Dataset entries:
..........

(* Fix integers $s,t\ge2$ and let $W=\{w_1<w_2<\cdots<w_k\}$ be a subset of $\{s+1,s+2,\ldots,st\}$. Let $\Omega_{s,t}(W)$ be the collection of all sets of integers $I=\{i_1<i_2<\cdots<i_k\}$ satisfying $w_\ell-s+\ell\leq i_\ell\leq w_\ell-1$ for all $\ell\in[k]$. Then \[\vert \Omega_{s,t}(W)\vert\geq \frac{s-k}{s}\binom{s+k-1}{k}.\] *)

theory Defs
  imports Complex_Main
begin

definition nth_elem :: "int set \<Rightarrow> nat \<Rightarrow> int" where
  "nth_elem A l = sorted_list_of_set A ! (l - 1)"

definition Omega :: "nat \<Rightarrow> int set \<Rightarrow> int set set" where
  "Omega s W = {I. finite I \<and> card I = card W \<and>
     (\<forall>l\<in>{1..card W}. nth_elem W l - int s + int l \<le> nth_elem I l
                        \<and> nth_elem I l \<le> nth_elem W l - 1)}"

end

theory Submission
  imports Defs
begin

text \<open>Call a sorted list \<open>c\<^sub>0 \<le> \<dots> \<le> c\<^sub>k\<^sub>-\<^sub>1\<close> of positive integers with
  \<open>c\<^sub>j \<le> s - k + j\<close> a ballot sequence. Setting \<open>i\<^sub>l = w\<^sub>l - c\<^sub>k\<^sub>-\<^sub>l\<close> maps ballot
  sequences injectively into \<open>\<Omega>\<^sub>s\<^sub>,\<^sub>t(W)\<close>: the \<open>w\<^sub>l\<close> increase strictly while the
  subtracted entries do not increase, and the bounds on \<open>c\<close> are exactly the window
  \<open>w\<^sub>l - s + l \<le> i\<^sub>l \<le> w\<^sub>l - 1\<close>. Splitting by whether \<open>c\<^sub>0 = 1\<close>, the number
  \<open>N(s,k)\<close> of ballot sequences satisfies \<open>N(s,k+1) = N(s,k) + N(s-1,k+1)\<close> for
  \<open>k + 1 < s\<close>. The bound \<open>(s-k)/s \<cdot> (s+k-1 choose k)\<close> obeys the same recursion and is
  nonpositive when \<open>s \<le> k\<close>, so it is at most \<open>N(s,k)\<close>.\<close>

fun ballot_seqs :: "nat \<Rightarrow> nat \<Rightarrow> nat list set" where
  "ballot_seqs s 0 = {[]}"
| "ballot_seqs s (Suc k) =
     (if s \<le> Suc k then {}
      else Cons 1 ` ballot_seqs s k \<union> map Suc ` ballot_seqs (s - 1) (Suc k))"

declare ballot_seqs.simps(2)[simp del]

lemma ballot_seqs_Suc_empty: "s \<le> Suc k \<Longrightarrow> ballot_seqs s (Suc k) = {}"
  by (simp add: ballot_seqs.simps(2))

lemma ballot_seqs_Suc:
  "Suc k < s \<Longrightarrow>
   ballot_seqs s (Suc k) = Cons 1 ` ballot_seqs s k \<union> map Suc ` ballot_seqs (s - 1) (Suc k)"
  by (simp add: ballot_seqs.simps(2))

lemma ballot_seqs_wf:
  "c \<in> ballot_seqs s k \<Longrightarrow>
   length c = k \<and> sorted c \<and> (\<forall>j<k. 1 \<le> c ! j \<and> c ! j + k \<le> s + j)"
proof (induction s k arbitrary: c rule: ballot_seqs.induct)
  case (1 s)
  then show ?case by simp
next
  case (2 s k)
  have sk: "Suc k < s"
    using "2.prems" ballot_seqs_Suc_empty by (metis empty_iff not_less)
  then have IH: "d \<in> ballot_seqs s k \<Longrightarrow> length d = k \<and> sorted d \<and> (\<forall>j<k. 1 \<le> d ! j \<and> d ! j + k \<le> s + j)"
    "d \<in> ballot_seqs (s - 1) (Suc k) \<Longrightarrow>
     length d = Suc k \<and> sorted d \<and> (\<forall>j<Suc k. 1 \<le> d ! j \<and> d ! j + Suc k \<le> s - 1 + j)" for d
    using "2.IH" by auto
  from "2.prems" consider
      (one) d where "d \<in> ballot_seqs s k" "c = 1 # d"
    | (shift) d where "d \<in> ballot_seqs (s - 1) (Suc k)" "c = map Suc d"
    unfolding ballot_seqs_Suc[OF sk] by blast
  then show ?case
  proof cases
    case one
    with IH(1) have d: "length d = k" "sorted d"
      "\<And>j. j < k \<Longrightarrow> 1 \<le> d ! j \<and> d ! j + k \<le> s + j" by auto
    have "\<forall>x\<in>set d. 1 \<le> x"
      using d by (auto simp: in_set_conv_nth)
    moreover have "1 \<le> c ! j \<and> c ! j + Suc k \<le> s + j" if "j < Suc k" for j
      using that one d(3)[of "j - 1"] sk by (cases j) auto
    ultimately show ?thesis
      using one d by simp
  next
    case shift
    with IH(2) have d: "length d = Suc k" "sorted d"
      "\<And>j. j < Suc k \<Longrightarrow> 1 \<le> d ! j \<and> d ! j + Suc k \<le> s - 1 + j" by auto
    have "1 \<le> c ! j \<and> c ! j + Suc k \<le> s + j" if "j < Suc k" for j
      using d(1) d(3)[OF that] shift sk that by auto
    then show ?thesis
      using shift d by (simp add: sorted_map)
  qed
qed

lemma finite_ballot_seqs: "finite (ballot_seqs s k)"
proof (induction s k rule: ballot_seqs.induct)
  case (2 s k)
  then show ?case
    by (cases "Suc k < s") (simp_all add: ballot_seqs_Suc ballot_seqs_Suc_empty)
qed simp

lemma card_ballot_seqs_Suc:
  assumes "Suc k < s"
  shows "card (ballot_seqs s (Suc k)) = card (ballot_seqs s k) + card (ballot_seqs (s - 1) (Suc k))"
proof -
  have "hd (map Suc d) \<noteq> 1" if "d \<in> ballot_seqs (s - 1) (Suc k)" for d
    using ballot_seqs_wf[OF that] by (cases d) auto
  then have disjoint: "Cons 1 ` ballot_seqs s k \<inter> map Suc ` ballot_seqs (s - 1) (Suc k) = {}"
    by (fastforce dest: arg_cong[where f = hd])
  have "card (ballot_seqs s (Suc k))
      = card (Cons 1 ` ballot_seqs s k) + card (map Suc ` ballot_seqs (s - 1) (Suc k))"
    using assms disjoint by (simp add: ballot_seqs_Suc card_Un_disjoint finite_ballot_seqs)
  also have "\<dots> = card (ballot_seqs s k) + card (ballot_seqs (s - 1) (Suc k))"
    by (simp add: card_image inj_on_def inj_map_eq_map)
  finally show ?thesis .
qed

definition ballot_estimate :: "nat \<Rightarrow> nat \<Rightarrow> real" where
  "ballot_estimate s k = (real s - real k) / real s * real ((s + k - 1) choose k)"

lemma ballot_estimate_Suc:
  assumes "Suc k < s"
  shows "ballot_estimate s (Suc k) = ballot_estimate s k + ballot_estimate (s - 1) (Suc k)"
proof -
  define m where "m = s + k - 1"
  define C where "C = real (m choose k)"
  have m: "s + k - 1 = m" "s + Suc k - 1 = Suc m" "s - 1 + Suc k - 1 = m"
    using assms by (auto simp: m_def)
  have "Suc (k + (m - k - 1)) = m" "Suc (m - k - 1) = s - 1"
    using assms by (auto simp: m_def)
  then have "Suc k * (m choose Suc k) = (s - 1) * (m choose k)"
    using Suc_times_binomial_add[of k "m - k - 1"] by metis
  then have "real (Suc k) * real (m choose Suc k) = real (s - 1) * C"
    unfolding C_def by (metis of_nat_mult)
  then have absorb: "real (m choose Suc k) = (real s - 1) * C / (real k + 1)"
    using assms by (simp add: of_nat_diff field_simps)
  have "ballot_estimate s (Suc k) = (real s - real k - 1) / real s * (C + (real s - 1) * C / (real k + 1))"
    unfolding ballot_estimate_def m by (simp add: absorb C_def)
  also have "\<dots> = (real s - real k) / real s * C
      + (real s - real k - 2) / (real s - 1) * ((real s - 1) * C / (real k + 1))"
    using assms by (simp add: divide_simps) (simp add: algebra_simps)
  also have "\<dots> = ballot_estimate s k + ballot_estimate (s - 1) (Suc k)"
    unfolding ballot_estimate_def m absorb C_def using assms by (simp add: of_nat_diff)
  finally show ?thesis .
qed

lemma ballot_estimate_le_card: "ballot_estimate s k \<le> real (card (ballot_seqs s k))"
proof (induction s k rule: ballot_seqs.induct)
  case (1 s)
  then show ?case by (simp add: ballot_estimate_def)
next
  case (2 s k)
  show ?case
  proof (cases "Suc k < s")
    case False
    then have "ballot_estimate s (Suc k) \<le> 0"
      unfolding ballot_estimate_def by (intro mult_nonpos_nonneg divide_nonpos_nonneg) auto
    then show ?thesis by simp
  next
    case True
    have "ballot_estimate s (Suc k) = ballot_estimate s k + ballot_estimate (s - 1) (Suc k)"
      using True by (rule ballot_estimate_Suc)
    also have "\<dots> \<le> real (card (ballot_seqs s k)) + real (card (ballot_seqs (s - 1) (Suc k)))"
      using "2.IH" True by (intro add_mono) auto
    also have "\<dots> = real (card (ballot_seqs s (Suc k)))"
      using card_ballot_seqs_Suc[OF True] by simp
    finally show ?thesis .
  qed
qed

definition shifted_list :: "int set \<Rightarrow> nat list \<Rightarrow> int list" where
  "shifted_list W c = map2 (\<lambda>w a. w - int a) (sorted_list_of_set W) (rev c)"

lemma nth_shifted_list:
  assumes "length c = card W" and "j < card W"
  shows "shifted_list W c ! j = nth_elem W (Suc j) - int (c ! (card W - Suc j))"
  using assms by (simp add: shifted_list_def nth_elem_def rev_nth)

lemma strict_sorted_shifted_list:
  assumes "sorted c" and "length c = card W"
  shows "sorted_wrt (<) (shifted_list W c)"
  unfolding sorted_wrt_iff_nth_less
proof (intro allI impI)
  fix i j assume ij: "i < j" "j < length (shifted_list W c)"
  then have "j < card W" using assms(2) by (simp add: shifted_list_def)
  have "sorted_list_of_set W ! i < sorted_list_of_set W ! j"
    using ij \<open>j < card W\<close> strict_sorted_list_of_set[of W] by (simp add: sorted_wrt_iff_nth_less)
  moreover have "c ! (card W - Suc j) \<le> c ! (card W - Suc i)"
    using assms ij \<open>j < card W\<close> by (simp add: sorted_iff_nth_mono)
  ultimately show "shifted_list W c ! i < shifted_list W c ! j"
    using assms(2) ij \<open>j < card W\<close> by (simp add: nth_shifted_list nth_elem_def)
qed

lemma shifted_list_eqD:
  assumes "shifted_list W c = shifted_list W d" and "length c = card W" and "length d = card W"
  shows "c = d"
proof -
  have "rev c ! j = rev d ! j" if "j < card W" for j
    using nth_shifted_list[OF assms(2) that] nth_shifted_list[OF assms(3) that] assms that
    by (simp add: rev_nth)
  then have "rev c = rev d"
    using assms(2,3) by (intro nth_equalityI) auto
  then show ?thesis by simp
qed

lemma inj_on_set_shifted_list:
  "inj_on (\<lambda>c. set (shifted_list W c)) {c. sorted c \<and> length c = card W}"
proof (rule inj_onI, clarify)
  fix c d assume "sorted c" "length c = card W" "sorted d" "length d = card W"
    and "set (shifted_list W c) = set (shifted_list W d)"
  then have "shifted_list W c = shifted_list W d"
    using strict_sorted_shifted_list strict_sorted_equal by blast
  then show "c = d"
    using \<open>length c = card W\<close> \<open>length d = card W\<close> by (rule shifted_list_eqD)
qed

lemma set_shifted_list_in_Omega:
  assumes "c \<in> ballot_seqs s (card W)"
  shows "set (shifted_list W c) \<in> Omega s W"
proof -
  let ?k = "card W"
  have c: "length c = ?k" "sorted c" "\<And>j. j < ?k \<Longrightarrow> 1 \<le> c ! j \<and> c ! j + ?k \<le> s + j"
    using ballot_seqs_wf[OF assms] by auto
  have sl: "sorted_list_of_set (set (shifted_list W c)) = shifted_list W c"
    using strict_sorted_shifted_list[OF c(2,1)]
    by (simp add: sorted_list_of_set.idem_if_sorted_distinct strict_sorted_iff)
  have "card (set (shifted_list W c)) = length (shifted_list W c)"
    by (metis sl length_sorted_list_of_set)
  also have "\<dots> = ?k"
    using c(1) by (simp add: shifted_list_def)
  finally have "card (set (shifted_list W c)) = ?k" .
  moreover have "nth_elem W l - int s + int l \<le> nth_elem (set (shifted_list W c)) l
      \<and> nth_elem (set (shifted_list W c)) l \<le> nth_elem W l - 1" if l: "l \<in> {1..?k}" for l
  proof -
    have "nth_elem (set (shifted_list W c)) l = nth_elem W l - int (c ! (?k - l))"
      using l c(1) nth_shifted_list[of c W "l - 1"] by (auto simp: nth_elem_def sl)
    moreover have "1 \<le> c ! (?k - l) \<and> c ! (?k - l) + l \<le> s"
      using c(3)[of "?k - l"] l by auto
    ultimately show ?thesis by linarith
  qed
  ultimately show ?thesis
    unfolding Omega_def by simp
qed

lemma finite_Omega: "finite (Omega s W)"
proof (rule finite_subset)
  show "Omega s W \<subseteq> Pow (\<Union>l\<in>{1..card W}. {nth_elem W l - int s .. nth_elem W l})"
  proof safe
    fix I x assume I: "I \<in> Omega s W" and x: "x \<in> I"
    then have "finite I" "card I = card W" by (simp_all add: Omega_def)
    with x obtain j where j: "j < card W" "x = nth_elem I (Suc j)"
      by (metis diff_Suc_1 in_set_conv_nth length_sorted_list_of_set nth_elem_def
          set_sorted_list_of_set)
    have "Suc j \<in> {1..card W}" using j by simp
    moreover have "x \<in> {nth_elem W (Suc j) - int s .. nth_elem W (Suc j)}"
      using I j \<open>Suc j \<in> {1..card W}\<close> unfolding Omega_def by fastforce
    ultimately show "x \<in> (\<Union>l\<in>{1..card W}. {nth_elem W l - int s .. nth_elem W l})"
      by blast
  qed
qed simp

theorem lemma3:
  fixes s t :: nat and W :: "int set"
  assumes "s \<ge> 2" and "t \<ge> 2"
    and "W \<subseteq> {int s + 1 .. int s * int t}"
  shows "real (card (Omega s W)) \<ge>
           (real s - real (card W)) / real s * real ((s + card W - 1) choose (card W))"
proof -
  let ?shift = "\<lambda>c. set (shifted_list W c)"
  have inj: "inj_on ?shift (ballot_seqs s (card W))"
    by (rule inj_on_subset[OF inj_on_set_shifted_list]) (auto dest: ballot_seqs_wf)
  have "ballot_estimate s (card W) \<le> real (card (ballot_seqs s (card W)))"
    by (rule ballot_estimate_le_card)
  also have "card (ballot_seqs s (card W)) = card (?shift ` ballot_seqs s (card W))"
    using inj by (simp add: card_image)
  also have "\<dots> \<le> card (Omega s W)"
    using set_shifted_list_in_Omega by (intro card_mono finite_Omega) auto
  finally show ?thesis
    unfolding ballot_estimate_def by simp
qed

end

..........

• TASK DIRECTIONS: Working from the data above, extract solely the lines from the one containing "by (rule inj_on_subset[OF" through the one containing "(card W)) = card", exactly as they appear, both included.

• RESPONSE TO THIS TASK:
    by (rule inj_on_subset[OF inj_on_set_shifted_list]) (auto dest: ballot_seqs_wf)
  have "ballot_estimate s (card W) \<le> real (card (ballot_seqs s (card W)))"
    by (rule ballot_estimate_le_card)
  also have "card (ballot_seqs s (card W)) = card (?shift ` ballot_seqs s (card W))"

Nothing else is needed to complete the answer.